Il mal di pancia è tra questi. Secondo uno studio su 204 pazienti della provincia cinese dell’Hubei, pubblicato sull’American Journal of Gastroenterology, il 48,5% è arrivato in ospedale con problemi di stomaco come diarrea, vomito o dolore addominale

Un altro dei primi sintomi meno noti di infezione da Covid-19 riguarda un deficit dell'olfatto (anosmia) e un conseguente deficit del senso del gusto (ageusia). Lo rivelano alcuni dati preliminari accumulati su pazienti in diversi paesi del mondo tra cui l'Italia e raccolti da Claire Hopkins, presidente della British Rhinological Society. In base ai dati della Corea del Sud, si stima che il 30% delle persone positive abbia avuto questo disturbo temporaneo, anche in assenza di altri sintomi. La British Association of Otorhinolaryngology, l’Ordine professionale degli Otorinolaringoiatri britannici, ha decretato che chi riscontra una perdita totale di questi sensi dovrebbe auto-isolarsi immediatamente, anche in assenza di altri sintomi.

Un profondo senso di stanchezza psicofisica, che si manifesta prima degli altri disturbi, è un altro sintomo recentemente scoperto e associato all’infezione da coronavirus. Secondo un rapporto pubblicato sul Journal of American Medical Association, fino al 44% dei ricoverati in ospedale con Covid-19 ha riferito un forte senso di stanchezza e affaticamento mentale. Sono in corso ricerche per verificare quanto questi segnali siano comuni senza confonderli con problemi allergici, diffusi in questo periodo dell’anno.

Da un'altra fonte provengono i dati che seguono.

(* Let $f:\mathbb{R}^d\to\mathbb{R}$ be $\beta$-smooth with minimum value $f^\star$, and run AdaSGD (as defined in the context) for $T$ steps with parameters $\eta,\gamma>0$ using a stochastic gradient oracle with bounded affine noise with parameters $\sigma_0,\sigma_1\ge0$. Then for any $\delta\in(0,1)$, with probability at least $1-\delta$, $\bar\Delta_{T+1}:=\max_{1\le t\le T+1}f(w_t)-f^\star\le F$, where $\Delta_1=f(w_1)-f^\star$, $$F=2\Delta_1+\big(3\log\tfrac T\delta+4C_1\big)\eta\sigma_0+\big(9\log^2\tfrac T\delta+16C_1^2\big)\eta^2\beta\sigma_1^2+\eta^2\beta C_1,$$ $$C_1=\log\Big(1+\frac{2\sigma_0^2T+8(1+\sigma_1^2)(\eta^2\beta^2T^3+\beta\Delta_1T)}{\gamma^2}\Big).$$
   Context: $\|\cdot\|$ is the Euclidean norm and $\log$ the base-2 logarithm. $\beta$-smooth: $\|\nabla f(x)-\nabla f(y)\|\le\beta\|x-y\|$. Oracle: queried at $w$, returns random $g(w)$ with $\mathbb{E}[g(w)\mid w]=\nabla f(w)$ and, with probability one, $\|g(w)-\nabla f(w)\|^2\le\sigma_0^2+\sigma_1^2\|\nabla f(w)\|^2$. AdaSGD: arbitrary $w_1$; for $t=1,\dots,T$, $g_t=g(w_t)$ a fresh oracle answer ($\mathbb{E}[g_t\mid g_1,\dots,g_{t-1}]=\nabla f(w_t)$), $\eta_t=\eta/\sqrt{\gamma^2+\sum_{s=1}^t\|g_s\|^2}$, $w_{t+1}=w_t-\eta_tg_t$. *)

theory Defs
  imports "HOL-Analysis.Analysis" "HOL-Probability.Probability"
begin

text \<open>AdaSGD iterates, indexed from 1 (index 0 is unused and set to w1).\<close>
fun adasgd_w :: "'d::real_normed_vector \<Rightarrow> real \<Rightarrow> real \<Rightarrow> (nat \<Rightarrow> 'd) \<Rightarrow> nat \<Rightarrow> 'd" where
  "adasgd_w w1 \<eta> \<gamma> g 0 = w1"
| "adasgd_w w1 \<eta> \<gamma> g (Suc t) =
     (if t = 0 then w1
      else adasgd_w w1 \<eta> \<gamma> g t
           - (\<eta> / sqrt (\<gamma>\<^sup>2 + (\<Sum>s=1..t. (norm (g s))\<^sup>2))) *\<^sub>R g t)"

definition adasgd_filt :: "'m measure \<Rightarrow> (nat \<Rightarrow> 'm \<Rightarrow> 'd::euclidean_space) \<Rightarrow> nat \<Rightarrow> 'm measure" where
  "adasgd_filt M G t =
     sigma (space M) (\<Union>s\<in>{1..<t}. {G s -` A \<inter> space M | A. A \<in> sets borel})"

end

theory Submission
  imports Defs
begin

text \<open>
  By the descent lemma and telescoping, the gap after \<open>t\<close> steps is at most
  \<open>\<Delta>\<^sub>1 - \<Sum>\<^sub>s \<eta>\<parallel>\<nabla>f(w\<^sub>s)\<parallel>\<^sup>2/(2\<^bold>G\<^sub>s) + \<Sum>\<^sub>s Z\<^sub>s + (5\<eta>R/2 + \<beta>\<eta>\<^sup>2/2) ln(G\<^sub>t\<^sup>2/\<gamma>\<^sup>2)\<close>, where
  \<open>\<^bold>G\<^sub>s\<close> is a step-size denominator that does not see \<open>g\<^sub>s\<close>,
  \<open>Z\<^sub>s = -(\<eta>/\<^bold>G\<^sub>s)\<langle>\<nabla>f(w\<^sub>s), g\<^sub>s - \<nabla>f(w\<^sub>s)\<rangle>\<close> is a martingale difference and \<open>R\<close> bounds
  the noise radius; the logarithm is bounded a priori by \<open>C = C\<^sub>1 ln 2\<close>. Stopping everything once a gap
  exceeds \<open>F\<close> makes \<open>R = \<sigma>\<^sub>0 + \<sigma>\<^sub>1\<surd>(2\<beta>F)\<close> and \<open>|Z\<^sub>s| \<le> Y\<^sub>s\<close> with \<open>Y\<^sub>s\<^sup>2/(2\<eta>R)\<close> at most half
  the descent term, so \<open>exp(\<theta>\<Sum>Z - \<theta>\<^sup>2\<Sum>Y\<^sup>2)\<close> with \<open>\<theta> = 1/(2\<eta>R)\<close> is a supermartingale.
  Markov's inequality and a union bound over \<open>t \<le> T\<close> show that with probability \<open>1 - \<delta>\<close> the
  martingale never exceeds half the descent terms plus \<open>2\<eta>R ln(T/\<delta>)\<close>; on that event an
  induction on \<open>t\<close> keeps every gap below \<open>F\<close>, which was chosen (AM-GM on the \<open>\<surd>F\<close> term)
  to dominate \<open>\<Delta>\<^sub>1 + (2 ln(T/\<delta>) + 5C/2)\<eta>R + \<beta>\<eta>\<^sup>2C/2\<close>.
\<close>

section \<open>Smoothness and elementary inequalities\<close>

lemma descent_lemma:
  fixes f :: "'a::real_inner \<Rightarrow> real"
  assumes grad: "\<And>x. GDERIV f x :> df x"
    and smooth: "\<And>x y. norm (df x - df y) \<le> \<beta> * norm (x - y)"
  shows "f y \<le> f x + df x \<bullet> (y - x) + \<beta> / 2 * (norm (y - x))\<^sup>2"
proof -
  define u where "u = y - x"
  define \<phi> where "\<phi> \<tau> = f (x + \<tau> *\<^sub>R u) - \<tau> * (df x \<bullet> u) - \<beta> / 2 * \<tau>\<^sup>2 * (norm u)\<^sup>2" for \<tau>
  have "((\<lambda>\<tau>. f (x + \<tau> *\<^sub>R u)) has_real_derivative (df (x + \<tau> *\<^sub>R u) \<bullet> u)) (at \<tau>)" for \<tau>
  proof -
    have "((\<lambda>\<tau>. x + \<tau> *\<^sub>R u) has_derivative (\<lambda>h. h *\<^sub>R u)) (at \<tau>)"
      by (auto intro!: derivative_eq_intros)
    moreover have "(f has_derivative (\<lambda>h. h \<bullet> df (x + \<tau> *\<^sub>R u))) (at (x + \<tau> *\<^sub>R u))"
      using grad unfolding gderiv_def by simp
    ultimately show ?thesis
      by (auto dest: has_derivative_compose simp: o_def has_field_derivative_def inner_commute mult_commute_abs)
  qed
  then have \<phi>_deriv: "(\<phi> has_real_derivative ((df (x + \<tau> *\<^sub>R u) - df x) \<bullet> u - \<beta> * \<tau> * (norm u)\<^sup>2)) (at \<tau>)" for \<tau>
    unfolding \<phi>_def inner_diff_left by (auto intro!: derivative_eq_intros)
  have "\<phi> 1 \<le> \<phi> 0"
  proof (rule DERIV_nonpos_imp_nonincreasing[of 0 1])
    fix \<tau> :: real assume \<tau>: "0 \<le> \<tau>" "\<tau> \<le> 1"
    have "(df (x + \<tau> *\<^sub>R u) - df x) \<bullet> u \<le> norm (df (x + \<tau> *\<^sub>R u) - df x) * norm u"
      by (rule norm_cauchy_schwarz)
    also have "\<dots> \<le> \<beta> * norm (\<tau> *\<^sub>R u) * norm u"
      using smooth[of "x + \<tau> *\<^sub>R u" x] by (intro mult_right_mono) auto
    also have "\<dots> = \<beta> * \<tau> * (norm u)\<^sup>2" using \<tau> by (simp add: power2_eq_square)
    finally have "(df (x + \<tau> *\<^sub>R u) - df x) \<bullet> u - \<beta> * \<tau> * (norm u)\<^sup>2 \<le> 0" by simp
    with \<phi>_deriv show "\<exists>y. (\<phi> has_real_derivative y) (at \<tau>) \<and> y \<le> 0" by blast
  qed simp
  then show ?thesis unfolding \<phi>_def u_def by simp
qed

La congiuntivite dell’occhio è un sintomo che può indicare infezione respiratoria da Covid-19, poiché il punto di ingresso per il coronavirus è spesso nelle aree degli occhi, oltre a quelle del naso e della gola. Gli occhi possono essere considerati la porta di ingresso per il Coronavirus, che viene poi trasportato nel corpo tramite le lacrime. Il film lacrimale è composto da tre strati che lubrificano gli occhi con funzioni di idratazione, difesa, pulizia, nutrimento e ottica. Le lacrime vengono poi convogliate, attraverso i canalini lacrimali, nel naso e quindi nella gola. L'American Academy of Ophthalmology ha diramato un Alert ufficiale su congiuntivite da Coronavirus, per rafforzare la cultura della profilassi e la sua ottimale applicazione da attuarsi su larga scala. Una congiuntivite virale è stata registrata tra i pazienti cinesi colpiti in Cina dall’epidemia, anche come sintomo precoce, nei pazienti contagiati. Il sintomo più caratteristico di questa patologia è l’arrossamento dell’occhio: i vasi sanguigni, a causa dell’infiammazione, diventano più visibili, dando all’occhio un caratteristico rossore.
Un motivo in più per ricordare la necessità di non toccare e il viso con le mani. Data la normale predisposizione di tutti nel toccare con le mani gli occhi, soprattutto in caso di lieve irritazione e piccoli disturbi (in questi casi si arriva normalmente a uno sfregamento delle palpebre sicuramente privo di ogni utilità) viene consigliato d lavarsi spesso le mani e di evitare il contatto delle mani con potenziali fonti di infezione.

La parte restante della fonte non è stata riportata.